Before you ever receive a vaccine from your doctor, the vaccine must first be approved by the U.S. Food and Drug Administration (FDA). As part of the approval process, the FDA analyzes scientific studies of clinical trials regarding the safety and effectiveness of the particular vaccine. The FDA also performs on-site inspections of the facilities where the vaccines are manufactured.
The clinical trials of vaccines under development involve three phases. The first phase involves giving the vaccine to a small number of healthy volunteers. If there are no serious side effects from the vaccine, phase two of the clinical trial involves giving the vaccine to several hundred volunteers. Lastly, in the third phase of the clinical trial, thousands of volunteers are involved to better assess the impact, safety, and effectiveness of the vaccine on a larger cross section of patients.
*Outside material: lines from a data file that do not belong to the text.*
theorem theorem4p2:
  fixes s t :: "'e \<Rightarrow> 'x"
  assumes "reflexive_graph s t"
    and "locally_finite_graph s t"
    and "Q_algebra TYPE('r::comm_ring_1)"
  defines "xi \<equiv> (\<lambda>x y. of_nat (card (edges s t x y)) :: 'r)"
  shows "inc_invertible (walk_le s t) xi
    \<and> (\<forall>\<mu>. inc_inverse (walk_le s t) xi \<mu> \<longrightarrow>
         (\<forall>x. \<mu> x x = nat_inv (card (edges s t x x)))
       \<and> (\<forall>x y. x \<noteq> y \<and> walk_le s t x y \<longrightarrow>
            \<mu> x y = (\<Sum>\<gamma>\<in>walks s t x y. (-1) ^ length \<gamma> *
               (nat_inv (card (edges s t (s (hd \<gamma>)) (s (hd \<gamma>))))
                * (\<Prod>i<length \<gamma>. nat_inv (card (edges s t (t (\<gamma> ! i)) (t (\<gamma> ! i)))))))))"
proof -
  interpret lf_reflexive_graph s t using assms(1,2) by unfold_locales
  have inverse: "inc_inverse le xi (nu :: 'x \<Rightarrow> 'x \<Rightarrow> 'r)"
    unfolding xi_def using adjacency_inverse[OF assms(3)] .
  have unique: "\<mu> x z = (nu x z :: 'r)" if "inc_inverse le xi \<mu>" and "le x z" for \<mu> x z
    using left_inverse_eq_right_inverse[of \<mu> xi nu] that inverse unfolding inc_inverse_def by blast
  show ?thesis
  proof (intro conjI allI impI)
    show "inc_invertible le xi" using inverse unfolding inc_invertible_def by blast
  next
    fix \<mu> x assume "inc_inverse le xi \<mu>"
    then have "\<mu> x x = nu x x" using reflexive by (rule unique)
    then show "\<mu> x x = nat_inv (card (E x x))" by (simp add: nu_diagonal loop_inv_def)
  next
    fix \<mu> x y assume "inc_inverse le xi \<mu>" and xy: "x \<noteq> y \<and> le x y"
    then have "\<mu> x y = nu x y" by (intro unique) simp_all
    then show "\<mu> x y = (\<Sum>\<gamma>\<in>W x y. (-1) ^ length \<gamma> *
        (nat_inv (card (E (s (hd \<gamma>)) (s (hd \<gamma>)))) * (\<Prod>i<length \<gamma>. nat_inv (card (E (t (\<gamma> ! i)) (t (\<gamma> ! i)))))))"
      using xy by (simp add: nu_off_diagonal weight_def loop_inv_def)
  qed
qed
Once vaccines are approved for use, the FDA initially provides close monitoring of the vaccinations to determine whether there may be side effects from the vaccine that were not readily apparent in the smaller clinical trials. Negative reactions to vaccines are monitored through the Vaccine Adverse Event Reporting System (VAERS), a nationwide system which collects reports from negative reactions to vaccines.
It’s important that if you or a loved one experience a negative reaction to a vaccine that you ensure your doctor submits a Vaccine Adverse Event Report to VAERS. The reports are often important to making sure you can recover compensation for a vaccination injury under the National Vaccine Injury Compensation Program.